Если Кэроль и замечала смятение подруги, то не подавала вида. Да она и нечасто бывала в состоянии замечать что-нибудь особое. С вина она перешла на крепкие напитки и потребляла их все больше и больше. Когда ей хотелось напиться, она желала напиться сразу - это была ее обычная манера, - а крепкие напитки действовали быстрее. Перепады настроения все учащались, и это не проходило даром. Ее больше не пускали в престижный ресторан, за то что она громко разговаривала и пела там, а на просьбу официанта вести себя потише запустила в него тарелкой. Ее вышвырнули из клуба за драку с женщиной в женском туалете. Гредель так и не смогла выяснить, из-за чего завязалась драка, но в течение нескольких следующих дней Кэроль гордо демонстрировала всем синяк под глазом, оставленный кулаком вышибалы.
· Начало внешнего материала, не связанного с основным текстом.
lemma has_integral_abs_linear_times:
  fixes h G :: "real \<Rightarrow> real"
  assumes prim: "\<And>u v. a \<le> u \<Longrightarrow> u \<le> v \<Longrightarrow> v \<le> c \<Longrightarrow>
      ((\<lambda>x. (x - A) * h x) has_integral G v - G u) {u..v}"
  shows "a \<le> A \<Longrightarrow> A \<le> c \<Longrightarrow> ((\<lambda>x. \<bar>x - A\<bar> * h x) has_integral G a + G c - 2 * G A) {a..c}"
    and "a \<le> c \<Longrightarrow> c \<le> A \<Longrightarrow> ((\<lambda>x. \<bar>x - A\<bar> * h x) has_integral G a - G c) {a..c}"
proof -
  assume "a \<le> A" "A \<le> c"
  have "((\<lambda>x. \<bar>x - A\<bar> * h x) has_integral - (G A - G a)) {a..A}"
    by (rule has_integral_eq[OF _ has_integral_neg[OF prim]]) (use \<open>a \<le> A\<close> \<open>A \<le> c\<close> in \<open>auto simp: algebra_simps\<close>)
  moreover have "((\<lambda>x. \<bar>x - A\<bar> * h x) has_integral G c - G A) {A..c}"
    by (rule has_integral_eq[OF _ prim]) (use \<open>a \<le> A\<close> \<open>A \<le> c\<close> in \<open>auto simp: algebra_simps\<close>)
  ultimately show "((\<lambda>x. \<bar>x - A\<bar> * h x) has_integral G a + G c - 2 * G A) {a..c}"
    using has_integral_combine[OF \<open>a \<le> A\<close> \<open>A \<le> c\<close>] by fastforce
next
  assume "a \<le> c" "c \<le> A"
  have "((\<lambda>x. \<bar>x - A\<bar> * h x) has_integral - (G c - G a)) {a..c}"
    by (rule has_integral_eq[OF _ has_integral_neg[OF prim]]) (use \<open>a \<le> c\<close> \<open>c \<le> A\<close> in \<open>auto simp: algebra_simps\<close>)
  then show "((\<lambda>x. \<bar>x - A\<bar> * h x) has_integral G a - G c) {a..c}"
    by simp
qed

lemma weight_integrals_inside:
  fixes a b \<beta> lam s :: real
  assumes "a < b" "0 \<le> \<beta>" "0 \<le> lam" "lam \<le> 1" "0 < s" "\<beta> * lam \<le> 1 - \<beta>"
  defines "A \<equiv> a + \<beta> * lam * (b - a)" and "c \<equiv> \<beta> * a + (1 - \<beta>) * b"
  shows "((\<lambda>x. \<bar>x - A\<bar> * ((x - a) / (b - a)) powr s) has_integral (b - a)\<^sup>2 * c1 \<beta> lam s) {a..c}"
    and "((\<lambda>x. \<bar>x - A\<bar> * ((b - x) / (b - a)) powr s) has_integral (b - a)\<^sup>2 * c2 \<beta> lam s) {a..c}"
    and "((\<lambda>x. \<bar>x - A\<bar> * 1) has_integral (b - a)\<^sup>2 * gamma2 \<beta> lam) {a..c}"
proof -
  have \<mu>: "0 \<le> \<beta> * lam" "\<beta> * lam \<le> 1"
    using assms by (auto simp: mult_le_one)
  have "0 \<le> \<beta> * lam * (b - a)" "0 \<le> \<beta> * (b - a)" "\<beta> * lam * (b - a) \<le> (1 - \<beta>) * (b - a)"
    using assms \<mu> by (auto intro: mult_right_mono)
  then have "a \<le> A" "A \<le> c" "c \<le> b"
    unfolding A_def c_def by (auto simp: algebra_simps)
  have at_a: "(a - a) / (b - a) = 0" "(b - a) / (b - a) = 1"
    and at_A: "(A - a) / (b - a) = \<beta> * lam" "(b - A) / (b - a) = 1 - \<beta> * lam"
    and at_c: "(c - a) / (b - a) = 1 - \<beta>" "(b - c) / (b - a) = \<beta>"
    using assms by (auto simp: field_simps)
  have "((\<lambda>x. \<bar>x - A\<bar> * ((x - a) / (b - a)) powr s) has_integral
      (b - a)\<^sup>2 * powr_moment s (\<beta> * lam) ((a - a) / (b - a))
      + (b - a)\<^sup>2 * powr_moment s (\<beta> * lam) ((c - a) / (b - a))
      - 2 * ((b - a)\<^sup>2 * powr_moment s (\<beta> * lam) ((A - a) / (b - a)))) {a..c}"
    using has_integral_linear_times_powr[OF \<open>a < b\<close> \<open>0 < s\<close>, of _ _ "\<beta> * lam"]
    by (intro has_integral_abs_linear_times(1)[OF _ \<open>a \<le> A\<close> \<open>A \<le> c\<close>]) (simp add: A_def)
  then show "((\<lambda>x. \<bar>x - A\<bar> * ((x - a) / (b - a)) powr s) has_integral (b - a)\<^sup>2 * c1 \<beta> lam s) {a..c}"
    unfolding at_a at_A at_c c1_eq_powr_moment[OF \<mu>(1) \<open>0 < s\<close>] by (simp add: algebra_simps)
  have "((\<lambda>x. \<bar>x - A\<bar> * ((b - x) / (b - a)) powr s) has_integral
      (b - a)\<^sup>2 * powr_moment s (1 - \<beta> * lam) ((b - a) / (b - a))
      + (b - a)\<^sup>2 * powr_moment s (1 - \<beta> * lam) ((b - c) / (b - a))
      - 2 * ((b - a)\<^sup>2 * powr_moment s (1 - \<beta> * lam) ((b - A) / (b - a)))) {a..c}"
    using has_integral_linear_times_powr_reflected[OF \<open>a < b\<close> \<open>0 < s\<close>, of _ _ "\<beta> * lam"] \<open>c \<le> b\<close>
    by (intro has_integral_abs_linear_times(1)[OF _ \<open>a \<le> A\<close> \<open>A \<le> c\<close>]) (simp add: A_def)
  then show "((\<lambda>x. \<bar>x - A\<bar> * ((b - x) / (b - a)) powr s) has_integral (b - a)\<^sup>2 * c2 \<beta> lam s) {a..c}"
    unfolding at_a at_A at_c c2_eq_powr_moment[OF \<mu>(2) \<open>0 < s\<close>] by (simp add: algebra_simps)
  have "((\<lambda>x. \<bar>x - A\<bar> * 1) has_integral
      (a - A)\<^sup>2 / 2 + (c - A)\<^sup>2 / 2 - 2 * ((A - A)\<^sup>2 / 2)) {a..c}"
    by (intro has_integral_abs_linear_times(1)[OF _ \<open>a \<le> A\<close> \<open>A \<le> c\<close>] has_integral_linear)
  moreover have "(a - A)\<^sup>2 / 2 + (c - A)\<^sup>2 / 2 - 2 * ((A - A)\<^sup>2 / 2) = (b - a)\<^sup>2 * gamma2 \<beta> lam"
    unfolding A_def c_def gamma2_def gamma1_def by (simp add: power2_eq_square field_simps)
  ultimately show "((\<lambda>x. \<bar>x - A\<bar> * 1) has_integral (b - a)\<^sup>2 * gamma2 \<beta> lam) {a..c}"
    by simp
qed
Как правило, Гредель удавалось теперь избегать гнева Кэроль. Она уже могла распознавать тревожные сигналы и к тому же научилась понемногу манипулировать настроением Кэроль. Она могла теперь сама "менять музыку" Кэроль или по крайней мере отводить вскипающий гнев подруги от себя на кого-нибудь другого.

При этом она теперь проводила в обществе Кэроль почти все свое время. Хромуша был в бегах. Она поняла это по тому, что он прислал Панду забрать ее от Кэроль, вместо того чтобы приехать самому. Панда отвез ее в Фабы, но не в человеческий квартал: они направились в здание, в котором обитали лайоны. Пока она ждала лифта в вестибюле, ее внимательно разглядывало семейство гигантских птиц. В воздухе резко пахло нашатырным спиртом.

Хромуша окопался в маленькой квартирке на верхнем этаже, вместе с парой охранников и лайонами. Птица переступала с ноги на ногу, глядя на входящую Гредель. Хромуша выглядел обеспокоенным. Он ни слова не сказал Гредель, только кивком подбородка показал на дверь в заднюю комнату.

В квартире было по-летнему жарко. Сильно пахло аммиаком. Хромуша подтолкнул Гредель к постели. Она села, но Хромуше не сиделось: он расхаживал взад и вперед, постоянно натыкаясь на стены маленькой комнатки. Его обычной элегантной походки как не бывало, он запинался и прихрамывал.

- Как ни неприятно, - произнес он наконец, - но надо признать, что происходит что-то не то.

- Тебя ищет патруль?

- Не знаю. - Он плотно сжал губы. - Вчера арестовали Бурделя. Его забрал легион справедливости, а не патруль, значит, его поймали на чем-то серьезном, на чем-то, за что полагается казнь. Есть сведения, что он имел дела с администрацией префекта.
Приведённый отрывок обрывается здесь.